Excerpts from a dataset
lemma trace_monodromy_reflection_symmetric:
  fixes P :: "complex \<Rightarrow> complex^2^2" and C :: "complex^2^2"
  assumes Y: "matrix_ode_solution P Y" and Y0: "\<And>\<zeta>. det (Y \<zeta>) \<noteq> 0"
    and C: "C ** C = mat 1" and sym: "\<And>\<zeta>. C ** cnj_matrix (P (cnj \<zeta>)) ** C = P \<zeta>"
    and mono: "\<And>\<zeta>. Y (\<zeta> + p) = Y \<zeta> ** M" and p: "cnj p = - p"
  shows "trace M = det M * cnj (trace M)"
proof -
  define Z where "Z \<zeta> = C ** cnj_matrix (Y (cnj \<zeta>))" for \<zeta>
  obtain K where K: "\<And>\<zeta>. Z \<zeta> = Y \<zeta> ** K"
    using matrix_ode_solution_eq_mult_const[OF Y Y0 matrix_ode_solution_reflect[OF Y C sym]]
    unfolding Z_def by blast
  have "Y 0 ** K = Y 0 ** (M ** K ** cnj_matrix M)"
  proof -
    have "Z 0 = Z p ** cnj_matrix M"
      using reflect_monodromy[of Y p M C 0, OF mono p] by (simp add: Z_def)
    then have "Y 0 ** K = Y p ** K ** cnj_matrix M"
      by (simp only: K)
    also have "\<dots> = Y 0 ** (M ** K ** cnj_matrix M)"
      using mono[of 0] by (simp add: K matrix_mul_assoc)
    finally show ?thesis .
  qed
  then have K_fixed: "M ** K ** cnj_matrix M = K"
    using left_cancel_det_nonzero Y0 by metis
  have "det C \<noteq> 0"
    using C by (metis det_I det_mul mult_zero_left zero_neq_one)
  have "det (Y 0) * det K = det (Z 0)"
    by (simp add: K det_mul)
  also have "\<dots> = det C * cnj (det (Y 0))"
    by (simp add: Z_def det_mul det_cnj_matrix)
  finally have "det K \<noteq> 0"
    using Y0[of 0] \<open>det C \<noteq> 0\<close> by auto
  from trace_eq_det_mult_trace_if_mult_fixes[OF K_fixed this]
  show ?thesis
    by (simp add: trace_cnj_matrix)
qed

definition Lmat_log :: "real \<Rightarrow> real \<Rightarrow> real \<Rightarrow> complex \<Rightarrow> complex^2^2" where
  "Lmat_log \<omega> l \<mu> \<zeta> =
     vector [vector [- (of_real l + of_real \<mu> * (exp \<zeta> + exp (- \<zeta>))), 1 / (2 * \<i> * of_real \<omega>)],
             vector [1 / (2 * \<i> * of_real \<omega>), 0]]"

definition sign_flip :: "complex^2^2" where
  "sign_flip = vector [vector [1, 0], vector [0, -1]]"

lemma exp_mult_Lmat_mult:
  "exp \<zeta> * (Lmat \<omega> l \<mu> (exp \<zeta>) ** X) $ i $ j = (Lmat_log \<omega> l \<mu> \<zeta> ** X) $ i $ j"
proof -
  have "exp \<zeta> \<noteq> 0"
    by simp
  then show ?thesis
    using exhaust_2[of i]
    by (auto simp: Lmat_def Lmat_log_def matrix_matrix_mult_def sum_2 exp_minus
        field_simps power2_eq_square)
qed

lemma fundamental_solution_L_iff:
  "fundamental_solution_L \<omega> l \<mu> Y \<longleftrightarrow>
     matrix_ode_solution (Lmat_log \<omega> l \<mu>) Y \<and> (\<forall>\<zeta>. det (Y \<zeta>) \<noteq> 0)"
  by (simp add: fundamental_solution_L_def matrix_ode_solution_def exp_mult_Lmat_mult)

lemma sign_flip_mult_sign_flip: "sign_flip ** sign_flip = mat 1"
  by (simp add: sign_flip_def matrix_matrix_mult_def sum_2 vec_eq_iff forall_2 mat_def)

lemma sign_flip_cnj_Lmat_log:
  "sign_flip ** cnj_matrix (Lmat_log \<omega> l \<mu> (cnj \<zeta>)) ** sign_flip = Lmat_log \<omega> l \<mu> \<zeta>"
  by (simp add: sign_flip_def Lmat_log_def cnj_matrix_def matrix_matrix_mult_def sum_2
      vec_eq_iff forall_2 exp_cnj)

lemma trace_Lmat_log_antiderivative:
  "((\<lambda>\<zeta>. - (of_real l * \<zeta> + of_real \<mu> * (exp \<zeta> - exp (- \<zeta>))))
     has_field_derivative trace (Lmat_log \<omega> l \<mu> \<zeta>)) (at \<zeta>)"
  by (auto intro!: derivative_eq_intros simp: Lmat_log_def trace_def sum_2 algebra_simps)

lemma det_monodromy_L:
  assumes "is_monodromy_L \<omega> l \<mu> Y M"
  shows "det M = exp (- (2 * of_real pi * \<i> * of_real l))"
proof -
  define p :: complex where "p = 2 * of_real pi * \<i>"
  have Y: "matrix_ode_solution (Lmat_log \<omega> l \<mu>) Y" "det (Y 0) \<noteq> 0"
    using assms by (auto simp: is_monodromy_L_def fundamental_solution_L_iff)
  have mono: "Y p = Y 0 ** M"
    using assms unfolding is_monodromy_L_def p_def by (metis add_0)
  obtain c where c: "\<And>\<zeta>. det (Y \<zeta>) = c * exp (- (of_real l * \<zeta> + of_real \<mu> * (exp \<zeta> - exp (- \<zeta>))))"
    using matrix_ode_det_exp[OF Y(1) trace_Lmat_log_antiderivative] by blast
  have "exp p = 1"
    by (simp add: p_def)
  then have "det (Y 0) * det M = det (Y 0) * exp (- (of_real l * p))"
    using c[of 0] c[of p] mono by (simp add: det_mul exp_minus)
  then show ?thesis
    using Y(2) by (simp add: p_def mult_ac)
qed

lemma trace_monodromy_L:
  assumes "is_monodromy_L \<omega> l \<mu> Y M"
  shows "trace M = det M * cnj (trace M)"
proof (rule trace_monodromy_reflection_symmetric[where C = sign_flip])
  show "matrix_ode_solution (Lmat_log \<omega> l \<mu>) Y" "\<And>\<zeta>. det (Y \<zeta>) \<noteq> 0"
    and "\<And>\<zeta>. Y (\<zeta> + 2 * of_real pi * \<i>) = Y \<zeta> ** M"
    using assms by (auto simp: is_monodromy_L_def fundamental_solution_L_iff)
qed (simp_all add: sign_flip_mult_sign_flip sign_flip_cnj_Lmat_log)

lemma trace_normalized_monodromy_L_real:
  assumes "is_monodromy_L \<omega> l \<mu> Y M"
  shows "trace (normalized_monodromy l M) \<in> \<real>"
proof -
  define w :: complex where "w = of_real pi * \<i> * of_real l"
  have cnj_trace: "cnj (trace M) = exp (2 * w) * trace M"
    using trace_monodromy_L[OF assms] det_monodromy_L[OF assms]
    by (simp add: w_def exp_minus field_simps)
  have "cnj (exp w * trace M) = exp (- w) * exp (2 * w) * trace M"
    by (simp add: exp_cnj cnj_trace w_def)
  also have "\<dots> = exp w * trace M"
    by (simp add: mult_exp_exp)
  finally have "cnj (exp w * trace M) = exp w * trace M" .
  moreover have "trace (normalized_monodromy l M) = exp w * trace M"
    by (simp add: normalized_monodromy_def w_def trace_def sum_2 matrix_matrix_mult_def mat_def
        distrib_left)
  ultimately show ?thesis
    by (simp add: Reals_cnj_iff)
qed

theorem mainTheorem9:
  fixes \<omega> A B :: real and Y :: "complex \<Rightarrow> complex^2^2" and M :: "complex^2^2"
  assumes "\<omega> > 0" and "A \<noteq> 0" and "B / \<omega> \<ge> 0" and "A / (2 * \<omega>) > 0"
    and "is_monodromy_L \<omega> (B / \<omega>) (A / (2 * \<omega>)) Y M"
  shows "trace (normalized_monodromy (B / \<omega>) M) \<in> \<real>"
  using trace_normalized_monodromy_L_real[OF assms(5)] .

end
definition l2H :: "qseq set" where
  "l2H = {x. (\<lambda>i. qnorm2 (x i)) summable_on UNIV}"

definition l2norm :: "qseq \<Rightarrow> real" where
  "l2norm x = sqrt (\<Sum>\<^sub>\<infinity>i. qnorm2 (x i))"

definition sadd :: "qseq \<Rightarrow> qseq \<Rightarrow> qseq" where
  "sadd x y = (\<lambda>i. qadd (x i) (y i))"

definition ssub :: "qseq \<Rightarrow> qseq \<Rightarrow> qseq" where
  "ssub x y = (\<lambda>i. qsub (x i) (y i))"

definition srmul :: "qseq \<Rightarrow> quat \<Rightarrow> qseq" where
  "srmul x a = (\<lambda>i. qmul (x i) a)"

definition sscale :: "real \<Rightarrow> qseq \<Rightarrow> qseq" where
  "sscale r x = (\<lambda>i. qscale r (x i))"

text \<open>Operators are functions on sequences; only their behaviour on \<open>l2H\<close> matters.\<close>
type_synonym qop = "qseq \<Rightarrow> qseq"

definition bounded_op :: "qop \<Rightarrow> bool" where
  "bounded_op T \<longleftrightarrow>
     (\<forall>x\<in>l2H. T x \<in> l2H) \<and>
     (\<forall>x\<in>l2H. \<forall>y\<in>l2H. T (sadd x y) = sadd (T x) (T y)) \<and>
     (\<forall>x\<in>l2H. \<forall>a. T (srmul x a) = srmul (T x) a) \<and>
     (\<exists>C. \<forall>x\<in>l2H. l2norm (T x) \<le> C * l2norm x)"

definition idop :: qop where "idop = (\<lambda>x. x)"

definition invertible_op :: "qop \<Rightarrow> bool" where
  "invertible_op T \<longleftrightarrow> bounded_op T \<and>
     (\<exists>S. bounded_op S \<and> (\<forall>x\<in>l2H. S (T x) = x \<and> T (S x) = x))"

definition compact_op :: "qop \<Rightarrow> bool" where
  "compact_op K \<longleftrightarrow> bounded_op K \<and>
     (\<forall>xs :: nat \<Rightarrow> qseq. (\<forall>n. xs n \<in> l2H) \<and> (\<exists>B. \<forall>n. l2norm (xs n) \<le> B) \<longrightarrow>
        (\<exists>r y. strict_mono r \<and> y \<in> l2H \<and>
           (\<lambda>n. l2norm (ssub (K (xs (r n))) y)) \<longlonglongrightarrow> 0))"

text \<open>\<open>\<Phi>\<^sup>0_\<pi> = \<B>\<^sup>-\<^sup>1 + \<K>\<close> (operators identified when they agree on \<open>l2H\<close>).\<close>
definition Phi0 :: "qop \<Rightarrow> bool" where
  "Phi0 T \<longleftrightarrow> (\<exists>S K. invertible_op S \<and> compact_op K \<and>
                  (\<forall>x\<in>l2H. T x = sadd (S x) (K x)))"

definition Rq :: "quat \<Rightarrow> qop \<Rightarrow> qop" where
  "Rq q T = (\<lambda>x. sadd (ssub (T (T x)) (sscale (2 * qre q) (T x)))
                        (sscale ((qnorm q)\<^sup>2) (idop x)))"

definition S_spectrum :: "qop \<Rightarrow> quat set" where
  "S_spectrum T = {q. \<not> invertible_op (Rq q T)}"

definition S_Phi0_spectrum :: "qop \<Rightarrow> quat set" where
  "S_Phi0_spectrum T = {q. \<not> Phi0 (Rq q T)}"
theorem theorem12:
  fixes D m :: nat and a :: "nat \<Rightarrow> real"
  assumes "D > 1" and "squarefree D"
    and "universal_diag_form D m a"
  shows "(even (period D) \<longrightarrow> real m \<ge> real_of_int (M D) / real (period D)) \<and>
         (odd (period D) \<longrightarrow> real m \<ge> real_of_int (M D) / (2 * real (period D)))"
proof -
  interpret real_quadratic_field D using assms(1,2) by unfold_locales
  have s: "real (period D) > 0" using period_pos by simp
  show ?thesis
  proof (intro conjI impI)
    assume "even (period D)"
    have "real_of_int (M D) \<le> real_of_int (int (period D) * int m)"
      using M_le_even_period[OF assms(3) \<open>even (period D)\<close>] by (simp only: of_int_le_iff)
    then show "real m \<ge> real_of_int (M D) / real (period D)"
      using s by (simp add: divide_le_eq mult.commute)
  next
    assume "odd (period D)"
    have "real_of_int (M D) \<le> real_of_int (2 * int (period D) * int m)"
      using M_le_odd_period[OF assms(3) \<open>odd (period D)\<close>] by (simp only: of_int_le_iff)
    then show "real m \<ge> real_of_int (M D) / (2 * real (period D))"
      using s by (simp add: divide_le_eq mult.commute)
  qed
qed

end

> _Exercise prompt_
Each line from the first line of the entries up to and including the line containing "Z p ** cnj_matrix" should be transcribed exactly, with all other lines left out.

> _Answer space_
lemma trace_monodromy_reflection_symmetric:
  fixes P :: "complex \<Rightarrow> complex^2^2" and C :: "complex^2^2"
  assumes Y: "matrix_ode_solution P Y" and Y0: "\<And>\<zeta>. det (Y \<zeta>) \<noteq> 0"
    and C: "C ** C = mat 1" and sym: "\<And>\<zeta>. C ** cnj_matrix (P (cnj \<zeta>)) ** C = P \<zeta>"
    and mono: "\<And>\<zeta>. Y (\<zeta> + p) = Y \<zeta> ** M" and p: "cnj p = - p"
  shows "trace M = det M * cnj (trace M)"
proof -
  define Z where "Z \<zeta> = C ** cnj_matrix (Y (cnj \<zeta>))" for \<zeta>
  obtain K where K: "\<And>\<zeta>. Z \<zeta> = Y \<zeta> ** K"
    using matrix_ode_solution_eq_mult_const[OF Y Y0 matrix_ode_solution_reflect[OF Y C sym]]
    unfolding Z_def by blast
  have "Y 0 ** K = Y 0 ** (M ** K ** cnj_matrix M)"
  proof -
    have "Z 0 = Z p ** cnj_matrix M"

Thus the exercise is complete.